Dataset entries
lemma orbit_map_quasi_isometric:
  assumes S: "finite S" "generates_monoid G S" and finite: "finite short_elements"
  shows "quasi_isometric (carrier G) (word_metric G S) X d"
proof -
  obtain K where K: "0 \<le> K" "\<And>g h. g \<in> carrier G \<Longrightarrow> h \<in> carrier G \<Longrightarrow>
      d (\<phi> g c) (\<phi> h c) \<le> ennreal K * word_metric G S g h"
    using orbit_map_upper_bound[OF S] by blast
  obtain M where M: "\<And>g h. g \<in> carrier G \<Longrightarrow> h \<in> carrier G \<Longrightarrow>
      word_metric G S g h \<le> of_nat M * (d (\<phi> g c) (\<phi> h c) + 2)"
    using orbit_map_lower_bound[OF S(2) finite] by blast
  define lam where "lam = 1 + K + real M"
  have lam: "1 \<le> lam" "K \<le> lam" "real M \<le> lam"
    using K(1) by (auto simp: lam_def)
  have "qi_embedding (carrier G) (word_metric G S) X d (\<lambda>g. \<phi> g c) lam 2"
    unfolding qi_embedding_def
  proof (intro conjI ballI)
    fix g h assume g: "g \<in> carrier G" and h: "h \<in> carrier G"
    have "ennreal K * word_metric G S g h \<le> ennreal lam * word_metric G S g h"
      using lam(2) by (intro mult_right_mono ennreal_leI) auto
    then show "d (\<phi> g c) (\<phi> h c) \<le> ennreal lam * word_metric G S g h + ennreal 2"
      using K(2)[OF g h] by (meson add_increasing2 order_trans zero_le)
    have "ennreal (1 / lam) * word_metric G S g h
        \<le> ennreal (1 / lam) * ennreal (real M * (\<delta> (\<phi> g c) (\<phi> h c) + 2))"
      using M[OF g h] d_eq_\<delta> orbit_point_closed g h \<delta>_nonneg
      by (intro mult_left_mono) (simp_all add: ennreal_mult ennreal_plus ennreal_of_nat_eq_real_of_nat)
    also have "\<dots> \<le> ennreal (\<delta> (\<phi> g c) (\<phi> h c)) + ennreal 2"
    proof (rule ennreal_affine_le)
      have "real M / lam \<le> 1"
        using lam by simp
      then show "1 / lam * (real M * (\<delta> (\<phi> g c) (\<phi> h c) + 2)) \<le> \<delta> (\<phi> g c) (\<phi> h c) + 2"
        using mult_right_mono[of "real M / lam" 1 "\<delta> (\<phi> g c) (\<phi> h c) + 2"] \<delta>_nonneg by simp
    qed (use lam \<delta>_nonneg in auto)
    finally show "ennreal (1 / lam) * word_metric G S g h \<le> d (\<phi> g c) (\<phi> h c) + ennreal 2"
      using d_eq_\<delta> orbit_point_closed g h by simp
  qed (use lam orbit_point_closed in auto)
  then show ?thesis
    unfolding quasi_isometric_def quasi_isometry_def using orbit_quasi_dense radius_nonneg by blast
qed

> **WHAT YOU NEED TO DO**:
Starting at the line that contains "proof (intro conjI ballI)" and stopping after the line that contains "by (intro mult_left_mono)", write out every line exactly as it appears above, and no other line.

> **RESULT OF THIS EXERCISE**:
  proof (intro conjI ballI)
    fix g h assume g: "g \<in> carrier G" and h: "h \<in> carrier G"
    have "ennreal K * word_metric G S g h \<le> ennreal lam * word_metric G S g h"
      using lam(2) by (intro mult_right_mono ennreal_leI) auto
    then show "d (\<phi> g c) (\<phi> h c) \<le> ennreal lam * word_metric G S g h + ennreal 2"
      using K(2)[OF g h] by (meson add_increasing2 order_trans zero_le)
    have "ennreal (1 / lam) * word_metric G S g h
        \<le> ennreal (1 / lam) * ennreal (real M * (\<delta> (\<phi> g c) (\<phi> h c) + 2))"
      using M[OF g h] d_eq_\<delta> orbit_point_closed g h \<delta>_nonneg
      by (intro mult_left_mono) (simp_all add: ennreal_mult ennreal_plus ennreal_of_nat_eq_real_of_nat)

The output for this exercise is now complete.